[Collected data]
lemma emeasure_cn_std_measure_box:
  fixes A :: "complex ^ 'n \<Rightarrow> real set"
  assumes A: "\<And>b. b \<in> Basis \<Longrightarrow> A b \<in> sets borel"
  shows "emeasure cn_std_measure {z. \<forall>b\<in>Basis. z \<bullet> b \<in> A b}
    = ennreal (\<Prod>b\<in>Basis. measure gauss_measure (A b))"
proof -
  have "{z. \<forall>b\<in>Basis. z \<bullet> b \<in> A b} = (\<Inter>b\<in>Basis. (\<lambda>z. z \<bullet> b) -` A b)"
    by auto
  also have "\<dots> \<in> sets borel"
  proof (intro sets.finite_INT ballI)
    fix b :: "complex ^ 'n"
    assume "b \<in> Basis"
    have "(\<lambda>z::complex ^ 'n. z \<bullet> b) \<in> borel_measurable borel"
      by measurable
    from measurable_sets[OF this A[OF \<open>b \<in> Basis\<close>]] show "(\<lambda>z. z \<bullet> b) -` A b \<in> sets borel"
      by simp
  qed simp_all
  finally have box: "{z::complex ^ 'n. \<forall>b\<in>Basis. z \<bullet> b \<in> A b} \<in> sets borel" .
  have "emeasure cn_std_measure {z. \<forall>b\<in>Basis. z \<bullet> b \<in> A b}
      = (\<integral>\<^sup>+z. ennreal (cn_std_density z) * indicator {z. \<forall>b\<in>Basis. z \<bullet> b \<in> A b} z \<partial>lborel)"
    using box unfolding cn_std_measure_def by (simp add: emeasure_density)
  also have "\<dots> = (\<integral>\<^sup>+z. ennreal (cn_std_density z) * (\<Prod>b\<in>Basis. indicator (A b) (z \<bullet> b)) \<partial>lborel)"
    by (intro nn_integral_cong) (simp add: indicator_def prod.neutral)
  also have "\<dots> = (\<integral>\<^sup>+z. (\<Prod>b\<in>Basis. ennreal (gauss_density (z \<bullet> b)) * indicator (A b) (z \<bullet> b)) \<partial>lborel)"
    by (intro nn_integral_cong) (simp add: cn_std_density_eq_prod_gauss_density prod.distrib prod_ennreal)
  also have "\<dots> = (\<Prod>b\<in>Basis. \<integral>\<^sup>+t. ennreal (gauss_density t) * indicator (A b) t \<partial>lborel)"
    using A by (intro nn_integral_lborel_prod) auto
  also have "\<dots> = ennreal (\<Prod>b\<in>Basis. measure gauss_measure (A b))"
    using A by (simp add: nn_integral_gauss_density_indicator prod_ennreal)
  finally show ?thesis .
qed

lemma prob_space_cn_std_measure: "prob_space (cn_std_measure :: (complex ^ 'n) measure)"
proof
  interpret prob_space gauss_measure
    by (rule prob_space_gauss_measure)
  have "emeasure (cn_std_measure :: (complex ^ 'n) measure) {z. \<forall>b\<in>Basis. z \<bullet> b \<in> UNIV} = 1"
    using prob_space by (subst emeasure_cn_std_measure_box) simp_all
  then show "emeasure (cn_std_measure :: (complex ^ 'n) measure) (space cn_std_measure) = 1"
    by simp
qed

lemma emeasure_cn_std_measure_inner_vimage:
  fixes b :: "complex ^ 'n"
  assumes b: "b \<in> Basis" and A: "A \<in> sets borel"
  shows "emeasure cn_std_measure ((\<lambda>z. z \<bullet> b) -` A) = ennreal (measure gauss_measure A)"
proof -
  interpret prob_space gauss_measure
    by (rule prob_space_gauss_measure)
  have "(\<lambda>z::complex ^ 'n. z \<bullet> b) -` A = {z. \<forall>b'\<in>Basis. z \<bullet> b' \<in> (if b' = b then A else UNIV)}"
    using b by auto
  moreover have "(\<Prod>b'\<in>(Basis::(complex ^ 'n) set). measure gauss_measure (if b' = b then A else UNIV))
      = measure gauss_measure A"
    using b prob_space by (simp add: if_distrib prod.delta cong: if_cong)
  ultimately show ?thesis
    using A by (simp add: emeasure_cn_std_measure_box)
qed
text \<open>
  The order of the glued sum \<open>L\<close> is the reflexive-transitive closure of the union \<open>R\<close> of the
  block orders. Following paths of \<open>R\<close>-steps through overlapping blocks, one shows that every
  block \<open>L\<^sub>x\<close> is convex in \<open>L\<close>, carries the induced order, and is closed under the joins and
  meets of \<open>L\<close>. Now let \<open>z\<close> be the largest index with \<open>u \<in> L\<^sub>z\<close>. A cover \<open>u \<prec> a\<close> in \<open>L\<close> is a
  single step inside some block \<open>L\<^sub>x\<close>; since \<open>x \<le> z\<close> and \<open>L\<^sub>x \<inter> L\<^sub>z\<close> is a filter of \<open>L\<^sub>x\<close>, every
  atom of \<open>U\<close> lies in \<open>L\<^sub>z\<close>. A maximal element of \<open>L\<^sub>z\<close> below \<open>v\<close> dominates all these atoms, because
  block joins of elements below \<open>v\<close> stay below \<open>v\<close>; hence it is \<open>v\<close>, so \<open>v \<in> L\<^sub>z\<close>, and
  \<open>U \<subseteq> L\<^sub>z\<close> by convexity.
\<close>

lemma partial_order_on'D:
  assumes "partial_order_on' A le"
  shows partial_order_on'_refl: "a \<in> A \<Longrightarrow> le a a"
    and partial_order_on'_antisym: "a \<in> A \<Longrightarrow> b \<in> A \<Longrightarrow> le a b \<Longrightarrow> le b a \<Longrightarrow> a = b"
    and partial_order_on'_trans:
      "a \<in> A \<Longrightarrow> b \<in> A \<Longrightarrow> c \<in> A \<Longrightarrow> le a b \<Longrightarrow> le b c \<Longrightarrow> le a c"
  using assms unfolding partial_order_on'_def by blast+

» WHAT YOU WILL DO
Would you show every line in the data above that contains the string "lemma"?

» EXERCISE RESPONSE
lemma emeasure_cn_std_measure_box:
lemma prob_space_cn_std_measure: "prob_space (cn_std_measure :: (complex ^ 'n) measure)"
lemma emeasure_cn_std_measure_inner_vimage:
lemma partial_order_on'D:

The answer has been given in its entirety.